(* Suppose that $D:=\sum_{j=0}^\infty\delta^+(j)<\infty$. Then for every $i\in\mathbb Z_+$, $$\mathbb E_i\exp\Big(\sum_{j=0}^\infty\delta^+(j)\ell(j)\Big)\le\sup_{j\in\mathbb Z_+}\mathbb E_i e^{D\ell(j)}\le\infty;$$ in particular, whenever the right-hand side is finite for every $i$, condition (C) holds and $f(i)\le\sup_{j}\mathbb E_i e^{D\ell(j)}$. If in addition, for every fixed $N\in\mathbb Z_+$, $\mathbb P_i\{X_n>N\text{ for all }n\ge0\}\to1$ as $i\to\infty$, and $\sup_{i\in\mathbb Z_+}\mathbb E_i e^{D\ell(i)}<\infty$, then $\limsup_{i\to\infty}f(i)\le1$.
   Context: Let $\mathbb Z_+=\{0,1,2,\dots\}$. Let $Q$ be a nonnegative transition kernel on $\mathbb Z_+$: $Q(i,j)\ge 0$ and $0<Q(i,\mathbb Z_+):=\sum_{j\ge0}Q(i,j)<\infty$ for every $i$, and $Q$ is irreducible. Let $P(i,j):=Q(i,j)/Q(i,\mathbb Z_+)$ and let $(X_n)_{n\ge0}$ be a Markov chain on $\mathbb Z_+$ with transition matrix $P$; $\mathbb P_i,\mathbb E_i$ denote probability and expectation given $X_0=i$. Let $\delta(j):=\log Q(j,\mathbb Z_+)$, $\delta^+:=\max(\delta,0)$. The local time at $j$ is $\ell(j):=\sum_{n=0}^\infty\mathbf 1\{X_n=j\}$. Condition (C): for every $i$, $\mathbb E_i\prod_{n=0}^\infty \max(Q(X_n,\mathbb Z_+),1)<\infty$ (equivalently $\mathbb E_i\exp(\sum_n\delta^+(X_n))<\infty$). Under (C) define $f(i):=\mathbb E_i\prod_{n=0}^\infty Q(X_n,\mathbb Z_+)\in[0,\infty)$. *)

theory Defs
  imports "HOL-Probability.Probability"
begin

definition Qtot :: "(nat \<Rightarrow> nat \<Rightarrow> real) \<Rightarrow> nat \<Rightarrow> real" where
  "Qtot Q i = (\<Sum>j. Q i j)"

definition Pker :: "(nat \<Rightarrow> nat \<Rightarrow> real) \<Rightarrow> nat \<Rightarrow> nat \<Rightarrow> real" where
  "Pker Q i j = Q i j / Qtot Q i"

definition delta :: "(nat \<Rightarrow> nat \<Rightarrow> real) \<Rightarrow> nat \<Rightarrow> real" where
  "delta Q j = ln (Qtot Q j)"

definition delta_plus :: "(nat \<Rightarrow> nat \<Rightarrow> real) \<Rightarrow> nat \<Rightarrow> real" where
  "delta_plus Q j = max (delta Q j) 0"

definition nonneg_kernel :: "(nat \<Rightarrow> nat \<Rightarrow> real) \<Rightarrow> bool" where
  "nonneg_kernel Q \<longleftrightarrow>
     (\<forall>i j. 0 \<le> Q i j) \<and> (\<forall>i. summable (Q i)) \<and> (\<forall>i. 0 < Qtot Q i)"

definition irreducible_kernel :: "(nat \<Rightarrow> nat \<Rightarrow> real) \<Rightarrow> bool" where
  "irreducible_kernel Q \<longleftrightarrow> (\<forall>i j. (i, j) \<in> {(a, b). 0 < Q a b}\<^sup>*)"

text \<open>(M i, X i) is a Markov chain with transition matrix P started at i:
  its finite-dimensional distributions are the Markov ones.\<close>
definition markov_family ::
  "(nat \<Rightarrow> nat \<Rightarrow> real) \<Rightarrow> (nat \<Rightarrow> 'a measure) \<Rightarrow> (nat \<Rightarrow> nat \<Rightarrow> 'a \<Rightarrow> nat) \<Rightarrow> bool" where
  "markov_family P M X \<longleftrightarrow>
     (\<forall>i. prob_space (M i) \<and>
        (\<forall>n. X i n \<in> measurable (M i) (count_space UNIV)) \<and>
        (\<forall>n xs. measure (M i) {\<omega> \<in> space (M i). \<forall>k\<le>n. X i k \<omega> = xs k}
                = (if xs 0 = i then 1 else 0) * (\<Prod>k<n. P (xs k) (xs (Suc k)))))"

definition local_time :: "(nat \<Rightarrow> 'a \<Rightarrow> nat) \<Rightarrow> nat \<Rightarrow> 'a \<Rightarrow> ennreal" where
  "local_time Y j \<omega> = (\<Sum>n. if Y n \<omega> = j then 1 else 0)"

definition eexp :: "ennreal \<Rightarrow> ennreal" where
  "eexp x = (if x = \<infinity> then \<infinity> else ennreal (exp (enn2real x)))"

definition prod_inf :: "(nat \<Rightarrow> real) \<Rightarrow> ennreal" where
  "prod_inf a = lim (\<lambda>n. \<Prod>k<n. ennreal (a k))"

definition condC ::
  "(nat \<Rightarrow> nat \<Rightarrow> real) \<Rightarrow> (nat \<Rightarrow> 'a measure) \<Rightarrow> (nat \<Rightarrow> nat \<Rightarrow> 'a \<Rightarrow> nat) \<Rightarrow> bool" where
  "condC Q M X \<longleftrightarrow>
     (\<forall>i. (\<integral>\<^sup>+\<omega>. prod_inf (\<lambda>n. max (Qtot Q (X i n \<omega>)) 1) \<partial>M i) < \<infinity>)"

definition fval ::
  "(nat \<Rightarrow> nat \<Rightarrow> real) \<Rightarrow> (nat \<Rightarrow> 'a measure) \<Rightarrow> (nat \<Rightarrow> nat \<Rightarrow> 'a \<Rightarrow> nat) \<Rightarrow> nat \<Rightarrow> ennreal" where
  "fval Q M X i = (\<integral>\<^sup>+\<omega>. prod_inf (\<lambda>n. Qtot Q (X i n \<omega>)) \<partial>M i)"

end

theory Submission
  imports Defs
begin

(* Let D be the sum of the \<delta>\<^sup>+(j) and p j = \<delta>\<^sup>+(j) / D. The exponent \<Sum>\<^sub>j \<delta>\<^sup>+(j) \<ell>(j) is the
   p-average of the D \<ell>(j), so by convexity exp (\<Sum>\<^sub>j \<delta>\<^sup>+(j) \<ell>(j)) \<le> \<Sum>\<^sub>j p j exp (D \<ell>(j)); taking
   expectations gives the first bound. The product of the max (Q(X n, \<int>\<^sub>+), 1) is
   exp (\<Sum>\<^sub>j \<delta>\<^sup>+(j) \<ell>(j)), which gives (C), and when this is finite the product of the Q(X n, \<int>\<^sub>+)
   converges to something no larger, which bounds f.
   For the limsup, splitting at the first visit to j and applying the Markov property there gives
   E\<^sub>i exp (D \<ell>(j)) \<le> 1 + P\<^sub>i(X hits j) E\<^sub>j exp (D \<ell>(j)), hence f(i) \<le> 1 + C \<Sum>\<^sub>j p j P\<^sub>i(X hits j)
   with C = sup\<^sub>j E\<^sub>j exp (D \<ell>(j)). By the escape hypothesis each hitting probability vanishes as
   i \<rightarrow> \<infinity>, and by dominated convergence for series (Tannery's theorem) so does the sum. *)

section \<open>The extended exponential\<close>

lemma eexp_ennreal: "0 \<le> r \<Longrightarrow> eexp (ennreal r) = ennreal (exp r)"
  by (simp add: eexp_def)

lemma eexp_0 [simp]: "eexp 0 = 1"
  by (simp add: eexp_def)

lemma eexp_top [simp]: "eexp \<top> = \<top>"
  by (simp add: eexp_def)

lemma eexp_eq_top_iff: "eexp x = \<top> \<longleftrightarrow> x = \<top>"
  by (cases x) (auto simp: eexp_ennreal)

lemma eexp_mono: "x \<le> y \<Longrightarrow> eexp x \<le> eexp y"
  by (cases x; cases y) (auto simp: eexp_ennreal ennreal_le_iff2 top_unique)

lemma le_eexp: "x \<le> eexp x"
proof (cases x)
  case (real r)
  then have "ennreal r \<le> ennreal (exp r)"
    using exp_ge_add_one_self[of r] by (intro ennreal_leI) linarith
  with real show ?thesis by (simp add: eexp_ennreal)
qed simp

lemma borel_measurable_eexp [measurable]: "eexp \<in> borel_measurable borel"
  unfolding eexp_def by measurable

lemma borel_measurable_eexp' [measurable (raw)]:
  "f \<in> borel_measurable M \<Longrightarrow> (\<lambda>x. eexp (f x)) \<in> borel_measurable M"
  using measurable_compose[OF _ borel_measurable_eexp] by blast

lemma eexp_SUP:
  assumes "incseq y"
  shows "eexp (SUP n. y n) = (SUP n. eexp (y n))"
proof (rule antisym)
  show "(SUP n. eexp (y n)) \<le> eexp (SUP n. y n)"
    by (intro SUP_least eexp_mono SUP_upper) simp
next
  show "eexp (SUP n. y n) \<le> (SUP n. eexp (y n))"
  proof (cases "SUP n. y n")
    case (real r)
    then have "y n \<noteq> \<top>" for n
      using SUP_upper[of n UNIV y] by (auto simp: top_unique)
    then have eexp_y: "eexp (y n) = ennreal (exp (enn2real (y n)))" for n
      by (simp add: eexp_def)
    have "y \<longlonglongrightarrow> ennreal r"
      using LIMSEQ_SUP[OF assms] real by simp
    then have "(\<lambda>n. enn2real (y n)) \<longlonglongrightarrow> r"
      using real by (metis enn2real_ennreal ennreal_neq_top tendsto_enn2real)
    then have "(\<lambda>n. eexp (y n)) \<longlonglongrightarrow> ennreal (exp r)"
      unfolding eexp_y by (intro tendsto_ennrealI tendsto_exp)
    moreover have "incseq (\<lambda>n. eexp (y n))"
      using assms by (auto simp: incseq_def intro: eexp_mono)
    ultimately have "ennreal (exp r) = (SUP n. eexp (y n))"
      using LIMSEQ_SUP LIMSEQ_unique by blast
    with real show ?thesis by (simp add: eexp_ennreal)
  next
    case top
    then have "eexp (SUP n. y n) = (SUP n. y n)" by (simp only: eexp_top)
    also have "\<dots> \<le> (SUP n. eexp (y n))"
      by (intro SUP_mono) (auto intro: le_eexp)
    finally show ?thesis .
  qed
qed

text \<open>\<open>e\<^sup>y \<ge> e\<^sup>r (1 + y - r)\<close>, the tangent at \<open>r\<close>, arranged so that no subtraction occurs.\<close>
lemma eexp_tangent_le:
  assumes "0 \<le> r"
  shows "ennreal (exp r) * (1 + y) \<le> eexp y + ennreal (exp r * r)"
proof (cases y)
  case (real s)
  have "exp r * (1 + (s - r)) \<le> exp r * exp (s - r)"
    using exp_ge_add_one_self[of "s - r"] by (intro mult_left_mono) auto
  then have "exp r * (1 + s) \<le> exp s + exp r * r"
    by (simp add: algebra_simps exp_diff)
  then have "ennreal (exp r * (1 + s)) \<le> ennreal (exp s + exp r * r)"
    by (rule ennreal_leI)
  with real assms show ?thesis
    by (simp add: eexp_ennreal ennreal_mult ennreal_plus)
qed (simp add: ennreal_mult_top)

lemma sums_divide_suminf:
  fixes w :: "nat \<Rightarrow> real"
  assumes "summable w" and "suminf w \<noteq> 0"
  shows "(\<lambda>j. w j / suminf w) sums 1"
  using sums_divide[OF summable_sums[OF assms(1)], of "suminf w"]
  by (simp only: divide_self[OF assms(2)])

lemma suminf_ennreal_eq_1:
  assumes "p sums 1" and "\<And>j. 0 \<le> p j"
  shows "(\<Sum>j. ennreal (p j)) = 1"
proof -
  have "(\<lambda>j. ennreal (p j)) sums ennreal 1"
    using assms by (subst sums_ennreal) auto
  then show ?thesis
    by (simp add: sums_iff)
qed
-----
Scan the records above for the string "blast", then select every line that holds it.

*SOLUTION TO THE PROBLEM*:
  using measurable_compose[OF _ borel_measurable_eexp] by blast
      using LIMSEQ_SUP LIMSEQ_unique by blast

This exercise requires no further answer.